The synaptic inputs to a pyramidal

neuron in ICC were simulated by the following equation (Zhou et al., 2012a): Ge(t)=a⋅H(t−t0)⋅(1−e−(t−t0)/τrise)⋅e−(t−t0)/τdecayGe(t)=a⋅H(t−t0)⋅(1−e−(t−t0)/τrise)⋅e−(t−t0)/τdecay Gi(t)=b⋅H(t−t0)⋅(1−e−(t−t0)/τrise)⋅e−(t−t0)/τdecayGi(t)=b⋅H(t−t0)⋅(1−e−(t−t0)/τrise)⋅e−(t−t0)/τdecay 3-MA mw Ge(t) and Gi(t) are the modeled synaptic conductances; a and b are the amplitude factors. a is a Gaussian function with sigma = 0.5 octave and b is a Gaussian with sigma = 1 octave. H(t) is the Heaviside step function; t0 is the onset delay of synaptic input. τrise and τdecay define the shape of the rising phase and decay of the synaptic current. The values for τrise and τdecay were chosen by fitting the average shape of the recorded synaptic responses with the above function. The onset difference between excitatory and inhibitory conductances was set as 2 ms based on our experimental observation. Membrane potential was derived from the simulated synaptic conductances

based on an integrate-and-fire model: Vm(t+dt)=−dtC[Ge(t)∗(Vm(t)−Ee)+Gi(t)∗(Vm(t)−Ei)+Gr(Vm(t)−Er)]+Vm(t)where Vm(t) is the membrane potential at time t, C the whole-cell capacitance, Gr the resting leakage conductance, Er the resting membrane potential (−65 mV). C was measured during experiments, and Gr was calculated based on the equation Gr = C∗Gm/Cm, where Gm, the specific membrane conductance is 2 × 10−5 S/cm2, and Cm, the specific membrane capacitance is 1 × 10−6 F/cm2 ( Hines, 1993 and Stuart and Spruston, 1998).

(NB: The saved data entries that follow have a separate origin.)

definition simple_graph :: "'a set \<Rightarrow> ('a \<Rightarrow> 'a \<Rightarrow> bool) \<Rightarrow> bool" where
  "simple_graph V E \<longleftrightarrow> finite V \<and> (\<forall>x y. E x y \<longrightarrow> x \<in> V \<and> y \<in> V)
     \<and> (\<forall>x y. E x y \<longrightarrow> E y x) \<and> (\<forall>x. \<not> E x x)"

definition degree :: "'a set \<Rightarrow> ('a \<Rightarrow> 'a \<Rightarrow> bool) \<Rightarrow> 'a \<Rightarrow> nat" where
  "degree V E v = card {u \<in> V. E v u}"

definition triangles_at :: "'a set \<Rightarrow> ('a \<Rightarrow> 'a \<Rightarrow> bool) \<Rightarrow> 'a \<Rightarrow> 'a set set" where
  "triangles_at V E v = {T. T \<subseteq> V \<and> card T = 3 \<and> v \<in> T \<and> (\<forall>x\<in>T. \<forall>y\<in>T. x \<noteq> y \<longrightarrow> E x y)}"

definition K3_degree :: "'a set \<Rightarrow> ('a \<Rightarrow> 'a \<Rightarrow> bool) \<Rightarrow> 'a \<Rightarrow> nat" where
  "K3_degree V E v = card (triangles_at V E v)"

definition has_parameters :: "'a set \<Rightarrow> ('a \<Rightarrow> 'a \<Rightarrow> bool) \<Rightarrow> nat \<Rightarrow> nat \<Rightarrow> bool" where
  "has_parameters V E r2 r3 \<longleftrightarrow>
     (\<forall>v\<in>V. degree V E v = r2 \<and> K3_degree V E v = r3)"

end

theory Submission
  imports Defs
begin

text \<open>Let \<open>S(v)\<close> be the number of ordered pairs of distinct non-adjacent vertices in the
  neighbourhood \<open>N(v)\<close>. Triangles at \<open>v\<close> are edges inside \<open>N(v)\<close>, so
  \<open>S(v) + 2 r\<^sub>3 + r\<^sub>2 = r\<^sub>2\<^sup>2\<close>, i.e. \<open>S(v) = 2(r\<^sub>2 - 1) - 2c\<close> at every vertex. As
  \<open>2c < r\<^sub>2 - 2\<close> this exceeds \<open>r\<^sub>2\<close>, so some neighbour \<open>w\<close> of \<open>v\<close> has \<open>k \<ge> 2\<close>
  non-neighbours in \<open>N(v)\<close>. Let \<open>a = r\<^sub>2 - 1 - k\<close> be the number of common neighbours of
  \<open>v\<close> and \<open>w\<close>. Splitting \<open>N(v)\<close> and \<open>N(w)\<close> along the edge \<open>vw\<close>, and using regularity to
  see that every common neighbour accounts for at least \<open>k\<close> non-adjacencies on each side,
  gives \<open>S(v) + S(w) \<ge> 4k + 2ak \<ge> 4(r\<^sub>2 - 1)\<close>, contradicting \<open>c > 0\<close>.\<close>

lemma two_mult_choose_two_int: "2 * int (m choose 2) = int m * (int m - 1)"
proof -
  have "even (m * (m - 1))" by (cases "even m") simp_all
  then have "int (2 * (m choose 2)) = int (m * (m - 1))" by (simp add: choose_two)
  then show ?thesis by (cases m) (simp_all add: algebra_simps)
qed

definition nbhd :: "'a set \<Rightarrow> ('a \<Rightarrow> 'a \<Rightarrow> bool) \<Rightarrow> 'a \<Rightarrow> 'a set" where
  "nbhd V E v = {u \<in> V. E v u}"

text \<open>Pairs are ordered, so for \<open>S = T\<close> every non-edge inside \<open>S\<close> is counted twice.\<close>
definition nonadj :: "('a \<Rightarrow> 'a \<Rightarrow> bool) \<Rightarrow> 'a set \<Rightarrow> 'a set \<Rightarrow> nat" where
  "nonadj E S T = (\<Sum>a\<in>S. \<Sum>b\<in>T. of_bool (a \<noteq> b \<and> \<not> E a b))"
lemma omega_iter_iff_cuts:
  "\<beta> \<in> omega_iter V \<longleftrightarrow>
    (\<exists>T. strict_mono T \<and> T 0 = 0 \<and> (\<forall>i. map \<beta> [T i..<T (Suc i)] \<in> V))"
proof
  assume "\<beta> \<in> omega_iter V"
  then obtain ws where ws: "\<forall>i. ws i \<in> V - {[]}"
    "\<forall>i. map \<beta> [sum_list (map (length \<circ> ws) [0..<i])..<sum_list (map (length \<circ> ws) [0..<Suc i])] = ws i"
    unfolding omega_iter_def by blast
  define T where "T i = sum_list (map (length \<circ> ws) [0..<i])" for i
  have "T i < T (Suc i)" for i
    using ws(1) by (simp add: T_def)
  then have "strict_mono T"
    by (simp add: strict_mono_Suc_iff)
  moreover have "map \<beta> [T i..<T (Suc i)] \<in> V" for i
    using ws unfolding T_def by simp
  ultimately show "\<exists>T. strict_mono T \<and> T 0 = 0 \<and> (\<forall>i. map \<beta> [T i..<T (Suc i)] \<in> V)"
    by (intro exI[of _ T]) (simp add: T_def)
next
  assume "\<exists>T. strict_mono T \<and> T 0 = 0 \<and> (\<forall>i. map \<beta> [T i..<T (Suc i)] \<in> V)"
  then obtain T where T: "strict_mono T" "T 0 = 0" "\<forall>i. map \<beta> [T i..<T (Suc i)] \<in> V"
    by blast
  define ws where "ws i = map \<beta> [T i..<T (Suc i)]" for i
  have lt: "T i < T (Suc i)" for i
    using T(1) by (simp add: strict_mono_Suc_iff)
  have sums: "sum_list (map (length \<circ> ws) [0..<i]) = T i" for i
  proof (induction i)
    case 0
    then show ?case using T(2) by simp
  next
    case (Suc i)
    then show ?case using lt[of i] by (simp add: ws_def)
  qed
  show "\<beta> \<in> omega_iter V"
    unfolding omega_iter_def
  proof (intro CollectI exI[of _ ws] conjI allI)
    fix i
    show "ws i \<in> V - {[]}"
      using T(3) lt[of i] by (simp add: ws_def)
    show "map \<beta> [sum_list (map (length \<circ> ws) [0..<i])..<sum_list (map (length \<circ> ws) [0..<Suc i])] = ws i"
      unfolding sums ws_def ..
  qed
qed

lemma strict_mono_gap_notin_range:
  fixes T :: "nat \<Rightarrow> nat"
  assumes "strict_mono T" "T i < x" "x < T (Suc i)"
  shows "x \<notin> range T"
proof
  assume "x \<in> range T"
  then obtain k where "x = T k"
    by blast
  with assms have "i < k" "k < Suc i"
    using strict_mono_less[OF assms(1)] by auto
  then show False
    by simp
qed
lemma Lop_norm_le:
  assumes g_Re: "\<And>\<omega>. \<omega> \<in> SigmaA N A \<Longrightarrow> Re (g \<omega>) \<le> G"
    and \<phi>_bound: "\<And>\<omega>. \<omega> \<in> SigmaA N A \<Longrightarrow> cmod (\<phi> \<omega>) \<le> M" and "M \<ge> 0"
    and \<omega>: "\<omega> \<in> SigmaA N A"
  shows "cmod (Lop N A g \<phi> \<omega>) \<le> N * (exp G * M)"
proof -
  have "cmod (Lop N A g \<phi> \<omega>) \<le> (\<Sum>i | i < N \<and> A i (\<omega> 0). exp G * M)"
    unfolding Lop_eq_sum_prepend[OF \<omega>]
  proof (rule sum_norm_le)
    fix i assume "i \<in> {i. i < N \<and> A i (\<omega> 0)}"
    then have "prepend i \<omega> \<in> SigmaA N A" using prepend_in_SigmaA \<omega> by auto
    then show "cmod (exp (g (prepend i \<omega>)) * \<phi> (prepend i \<omega>)) \<le> exp G * M"
      unfolding norm_mult using g_Re \<phi>_bound by (intro mult_mono) auto
  qed
  also have "\<dots> \<le> N * (exp G * M)"
    unfolding sum_constant
    by (rule mult_right_mono) (use card_transitions_le[of N A "\<omega> 0"] \<open>M \<ge> 0\<close> in auto)
  finally show ?thesis .
qed

lemma var_le_Lop_0:
  assumes "\<And>\<omega>. \<omega> \<in> SigmaA N A \<Longrightarrow> Re (g \<omega>) \<le> G"
    and "\<And>\<omega>. \<omega> \<in> SigmaA N A \<Longrightarrow> cmod (\<phi> \<omega>) \<le> M" and "M \<ge> 0"
  shows "var_le N A 0 (Lop N A g \<phi>) (2 * real N * (exp G * M))"
  unfolding var_le_def
proof (intro ballI impI)
  fix \<omega> \<omega>' assume "\<omega> \<in> SigmaA N A" "\<omega>' \<in> SigmaA N A"
  with Lop_norm_le[where g=g and \<phi>=\<phi>, OF assms]
  have "cmod (Lop N A g \<phi> \<omega>) \<le> N * (exp G * M)" "cmod (Lop N A g \<phi> \<omega>') \<le> N * (exp G * M)"
    by simp_all
  then show "cmod (Lop N A g \<phi> \<omega> - Lop N A g \<phi> \<omega>') \<le> 2 * real N * (exp G * M)"
    using norm_triangle_ineq4[of "Lop N A g \<phi> \<omega>" "Lop N A g \<phi> \<omega>'"] by linarith
qed
lemma card_roots_mod_prime_le_degree:
  fixes f :: "int poly"
  assumes "prime p" and "\<exists>i. \<not> int p dvd coeff f i"
  shows "card {r. r < p \<and> int p dvd poly f (int r)} \<le> degree f"
  using assms(2)
proof (induction "degree f" arbitrary: f rule: less_induct)
  case less
  show ?case
  proof (cases "\<exists>a<p. int p dvd poly f (int a)")
    case False
    then have "{r. r < p \<and> int p dvd poly f (int r)} = {}"
      by auto
    then show ?thesis
      by (metis card.empty le0)
  next
    case True
    then obtain a where a: "a < p" "int p dvd poly f (int a)"
      by blast
    let ?g = "synthetic_div f (int a)"
    have g: "\<exists>i. \<not> int p dvd coeff ?g i"
      using a(2) less.prems by (rule synthetic_div_not_all_coeffs_dvd)
    then have "?g \<noteq> 0"
      by auto
    then have deg_g: "degree ?g < degree f"
      by (simp add: synthetic_div_eq_0_iff degree_synthetic_div)
    have "card {r. r < p \<and> int p dvd poly f (int r)} \<le> card (insert a {r. r < p \<and> int p dvd poly ?g (int r)})"
      using assms(1) a by (intro card_mono roots_mod_prime_subset_synthetic_div) auto
    also have "\<dots> \<le> Suc (card {r. r < p \<and> int p dvd poly ?g (int r)})"
      by (simp add: card_insert_if)
    also have "\<dots> \<le> degree f"
      using less.hyps[OF deg_g g] deg_g by simp
    finally show ?thesis .
  qed
qed

definition binpoly_period :: "nat \<Rightarrow> nat \<Rightarrow> nat" where
  "binpoly_period k p = p ^ Suc (multiplicity p (fact k :: nat))"

lemma binpoly_period_pos: "prime p \<Longrightarrow> binpoly_period k p > 0"
  by (simp add: binpoly_period_def prime_gt_0_nat)

lemma binpoly_period_eq_prime:
  assumes "prime p" "k < p"
  shows "binpoly_period k p = p"
proof -
  have "\<not> p dvd fact k"
    using assms by (simp add: prime_dvd_fact_iff)
  then show ?thesis
    by (simp add: binpoly_period_def not_dvd_imp_multiplicity_0)
qed

text \<open>Since \<open>j * (L choose j) = L * (L - 1 choose j - 1)\<close>, if \<open>p\<close> did not divide \<open>L choose j\<close>
  the period would divide \<open>j\<close> and hence \<open>k!\<close>.\<close>
lemma prime_dvd_choose_of_period_dvd:
  assumes p: "prime p" and L: "binpoly_period k p dvd L" and j: "1 \<le> j" "j \<le> k"
  shows "p dvd (L choose j)"
proof (rule ccontr)
  assume "\<not> p dvd (L choose j)"
  then have "coprime (binpoly_period k p) (L choose j)"
    unfolding binpoly_period_def using p by (simp add: prime_imp_coprime)
  moreover have "binpoly_period k p dvd j * (L choose j)"
    using L j binomial_absorption[of "j - 1" L] by simp
  ultimately have "binpoly_period k p dvd j"
    by (simp add: coprime_dvd_mult_left_iff)
  also have "j dvd fact k"
    using j by (rule dvd_fact)
  finally have "p ^ Suc (multiplicity p (fact k :: nat)) dvd fact k"
    by (simp add: binpoly_period_def)
  then have "Suc (multiplicity p (fact k :: nat)) \<le> multiplicity p (fact k :: nat)"
    using p by (intro multiplicity_geI) (auto simp: not_prime_unit)
  then show False
    by simp
qed

lemma choose_add_period_cong:
  assumes "prime p" "binpoly_period k p dvd L" "i \<le> k"
  shows "[(y + L) choose i = y choose i] (mod p)"
proof -
  have "(y + L) choose i = (\<Sum>j\<le>i. (L choose j) * (y choose (i - j)))"
    using vandermonde[of L y i] by (simp add: add.commute)
  also have "{..i} = insert 0 {1..i}"
    by auto
  also have "(\<Sum>j\<in>insert 0 {1..i}. (L choose j) * (y choose (i - j)))
      = (y choose i) + (\<Sum>j=1..i. (L choose j) * (y choose (i - j)))"
    by (subst sum.insert) auto
  finally have eq: "(y + L) choose i = (y choose i) + (\<Sum>j=1..i. (L choose j) * (y choose (i - j)))" .
  have "p dvd (\<Sum>j=1..i. (L choose j) * (y choose (i - j)))"
    using assms by (intro dvd_sum dvd_mult2 prime_dvd_choose_of_period_dvd) auto
  then show ?thesis
    unfolding eq by (simp add: cong_add_lcancel_0_nat cong_0_iff)
qed

lemma binpoly_add_period_cong:
  assumes "prime p" "binpoly_period k p dvd L"
  shows "[binpoly \<alpha> k (y + L) = binpoly \<alpha> k y] (mod int p)"
  unfolding binpoly_def using assms
  by (intro cong_sum cong_mult cong_refl) (auto simp: cong_int_iff intro: choose_add_period_cong)

lemma prime_dvd_binpoly_iff_mod_period:
  assumes "prime p"
  shows "int p dvd binpoly \<alpha> k y \<longleftrightarrow> int p dvd binpoly \<alpha> k (y mod binpoly_period k p)"
proof -
  let ?q = "binpoly_period k p"
  have "[binpoly \<alpha> k (y mod ?q + ?q * (y div ?q)) = binpoly \<alpha> k (y mod ?q)] (mod int p)"
    using assms by (intro binpoly_add_period_cong) auto
  then show ?thesis
    by (simp add: cong_dvd_iff)
qed

text \<open>The coefficients come from \<open>k! * (x choose i) = (k! div i!) * x (x - 1) \<cdots> (x - i + 1)\<close>.\<close>
definition fact_binpoly_poly :: "(nat \<Rightarrow> int) \<Rightarrow> nat \<Rightarrow> int poly" where
  "fact_binpoly_poly \<alpha> k = (\<Sum>i\<le>k. smult (\<alpha> i * (fact k div fact i)) (\<Prod>j<i. [:- int j, 1:]))"

lemma poly_fact_binpoly_poly: "poly (fact_binpoly_poly \<alpha> k) (int m) = fact k * binpoly \<alpha> k m"
proof -
  have falling: "(\<Prod>j<i. (int m - int j)) = fact i * int (m choose i)" for i
  proof -
    have "real_of_int (\<Prod>j<i. (int m - int j)) = (\<Prod>j=0..<i. (real m - real j))"
      by (simp add: lessThan_atLeast0)
    also have "\<dots> = fact i * real (m choose i)"
      by (simp add: gbinomial_mult_fact[symmetric] binomial_gbinomial)
    also have "\<dots> = real_of_int (fact i * int (m choose i))"
      by simp
    finally show ?thesis
      by (simp only: of_int_eq_iff)
  qed
  have "poly (fact_binpoly_poly \<alpha> k) (int m)
      = (\<Sum>i\<le>k. \<alpha> i * (fact k div fact i) * (\<Prod>j<i. (int m - int j)))"
    by (simp add: fact_binpoly_poly_def poly_sum poly_prod)
  also have "\<dots> = (\<Sum>i\<le>k. fact k * (\<alpha> i * int (m choose i)))"
  proof (rule sum.cong)
    fix i assume "i \<in> {..k}"
    then have "(fact k div fact i) * fact i = (fact k :: int)"
      by (simp add: fact_dvd)
    then show "\<alpha> i * (fact k div fact i) * (\<Prod>j<i. (int m - int j)) = fact k * (\<alpha> i * int (m choose i))"
      unfolding falling by (metis mult.assoc mult.commute)
  qed simp
  also have "\<dots> = fact k * binpoly \<alpha> k m"
    by (simp add: binpoly_def sum_distrib_left)
  finally show ?thesis .
qed

lemma degree_fact_binpoly_poly_le: "degree (fact_binpoly_poly \<alpha> k) \<le> k"
  unfolding fact_binpoly_poly_def
proof (intro degree_sum_le)
  fix i assume "i \<in> {..k}"
  moreover have "degree (\<Prod>j<i. [:- int j, 1:]) \<le> i"
    using degree_prod_sum_le[of "{..<i}" "\<lambda>j. [:- int j, 1:]"] by simp
  ultimately show "degree (smult (\<alpha> i * (fact k div fact i)) (\<Prod>j<i. [:- int j, 1:])) \<le> k"
    by (meson atMost_iff degree_smult_le le_trans)
qed simp

lemma complete_seq_not_all_dvd:
  fixes d :: int
  assumes "complete_seq f" "\<not> is_unit d"
  shows "\<exists>m. \<not> d dvd f m"
proof (rule ccontr)
  assume "\<not> ?thesis"
  then have all_dvd: "\<forall>m. d dvd f m"
    by blast
  obtain N :: int where N: "\<forall>n\<ge>N. n > 0 \<longrightarrow> (\<exists>S. finite S \<and> S \<subseteq> {1..} \<and> n = (\<Sum>m\<in>S. f m))"
    using assms(1) unfolding complete_seq_def by blast
  have dvd: "d dvd n" if "n \<ge> \<bar>N\<bar> + 1" for n
  proof -
    have "n \<ge> N" "n > 0"
      using that by auto
    with N obtain S where "n = (\<Sum>m\<in>S. f m)"
      by blast
    with all_dvd show ?thesis
      by (simp add: dvd_sum)
  qed
  have "d dvd (\<bar>N\<bar> + 2) - (\<bar>N\<bar> + 1)"
    by (intro dvd_diff dvd) auto
  with assms(2) show False
    by simp
qed

definition surviving_residues :: "(nat \<Rightarrow> int) \<Rightarrow> nat \<Rightarrow> nat \<Rightarrow> nat set" where
  "surviving_residues \<alpha> k p = {r. r < binpoly_period k p \<and> \<not> int p dvd binpoly \<alpha> k r}"

lemma surviving_residues_nonempty:
  assumes "complete_seq (binpoly \<alpha> k)" "prime p"
  shows "surviving_residues \<alpha> k p \<noteq> {}"
proof -
  obtain m where "\<not> int p dvd binpoly \<alpha> k m"
    using complete_seq_not_all_dvd[OF assms(1), of "int p"] prime_gt_1_nat[OF assms(2)] by auto
  then have "m mod binpoly_period k p \<in> surviving_residues \<alpha> k p"
    using prime_dvd_binpoly_iff_mod_period[OF assms(2), of \<alpha> k m] binpoly_period_pos[OF assms(2), of k]
    by (simp add: surviving_residues_def)
  then show ?thesis
    by blast
qed

lemma card_surviving_residues_ge:
  assumes "complete_seq (binpoly \<alpha> k)" "prime p" "k < p"
  shows "p - k \<le> card (surviving_residues \<alpha> k p)"
proof -
  let ?f = "fact_binpoly_poly \<alpha> k"
  let ?R = "{r. r < p \<and> int p dvd binpoly \<alpha> k r}"
  have "\<not> p dvd fact k"
    using assms(2,3) by (simp add: prime_dvd_fact_iff)
  then have "\<not> int p dvd fact k"
    by (metis int_dvd_int_iff of_nat_fact)
  then have roots: "int p dvd poly ?f (int r) \<longleftrightarrow> int p dvd binpoly \<alpha> k r" for r
    using assms(2) by (simp add: poly_fact_binpoly_poly prime_dvd_mult_iff)
  have "\<exists>i. \<not> int p dvd coeff ?f i"
  proof (rule ccontr)
    assume "\<not> ?thesis"
    then have "int p dvd coeff ?f i" for i
      by blast
    then have "int p dvd binpoly \<alpha> k m" for m
      unfolding roots[symmetric] poly_altdef by (intro dvd_sum dvd_mult2)
    then show False
      using complete_seq_not_all_dvd[OF assms(1), of "int p"] prime_gt_1_nat[OF assms(2)] by auto
  qed
  then have "card {r. r < p \<and> int p dvd poly ?f (int r)} \<le> degree ?f"
    by (rule card_roots_mod_prime_le_degree[OF assms(2)])
  then have "card ?R \<le> k"
    using degree_fact_binpoly_poly_le[of \<alpha> k] by (simp add: roots)
  moreover have "surviving_residues \<alpha> k p = {..<p} - ?R"
    using assms by (auto simp: surviving_residues_def binpoly_period_eq_prime)
  moreover have "card ({..<p} - ?R) = p - card ?R"
    by (subst card_Diff_subset) auto
  ultimately show ?thesis
    by simp
qed

section \<open>Counting periodic sets\<close>

lemma card_periodic_lessThan:
  assumes "\<And>y. A (y + T) = A y"
  shows "card {y. y < m * T + b \<and> A y} = m * card {y. y < T \<and> A y} + card {y. y < b \<and> A y}"
proof (induction m)
  case (Suc m)
  let ?shifted = "(\<lambda>y. y + T) ` {y. y < m * T + b \<and> A y}"
  have "{y. y < Suc m * T + b \<and> A y} = {y. y < T \<and> A y} \<union> ?shifted"
  proof (intro equalityI subsetI)
    fix y assume y: "y \<in> {y. y < Suc m * T + b \<and> A y}"
    show "y \<in> {y. y < T \<and> A y} \<union> ?shifted"
    proof (cases "y < T")
      case False
      then have "y = (y - T) + T" "A (y - T)"
        using y assms[of "y - T"] by auto
      with y show ?thesis
        by (auto intro!: image_eqI[of y _ "y - T"])
    qed (use y in auto)
  qed (auto simp: assms)
  moreover have "card ({y. y < T \<and> A y} \<union> ?shifted) = card {y. y < T \<and> A y} + card ?shifted"
    by (rule card_Un_disjoint) auto
  moreover have "card ?shifted = card {y. y < m * T + b \<and> A y}"
    by (rule card_image) (simp add: inj_on_def)
  ultimately show ?case
    using Suc.IH by simp
qed simp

A power-law spike thresholding scheme ( Liu CP-690550 molecular weight et al., 2011 and Miller and Troyer, 2002) was applied as: R(Vm)=k[Vm−Vrest]+Pwhere R is the firing rate, k is the gain factor (set as 9 × 105 to obtain experimentally observed firing rates), and p ( = 3) is the exponent. The “+” indicates

rectification, i.e., the values below zero are set as zero. Varying the Thalidomide p value from 2 to 5 did not qualitatively change our conclusion. Three arithmetic transformation functions examined in this study were: (1) a summation/subtraction between ipsilateral and contralateral responses (Rbi = Rcontra +/− Ripsi); (2) a thresholding of the contralateral response (Rbi = Rcontra +/− k); (3) a multiplicative scaling of the contralateral response (Rbi = k∗Rcontra). Multiple linear regression was applied to model the relationship between the binaural response (Rbi) and the contra- and ipsilateral responses (Rcontra and Ripsi, respectively). The recorded spike responses in the TRF of each neuron were fit with the following function: Rbi = α∗Rcontra + β∗Ripsi + γ. The p values for each variable for each neuron were corrected with Bonferroni correction for multiple tests. Statistical tests indicated that neither Ripsi nor γ contributed significantly to Rbi, and that a multiplicative scaling best described the data.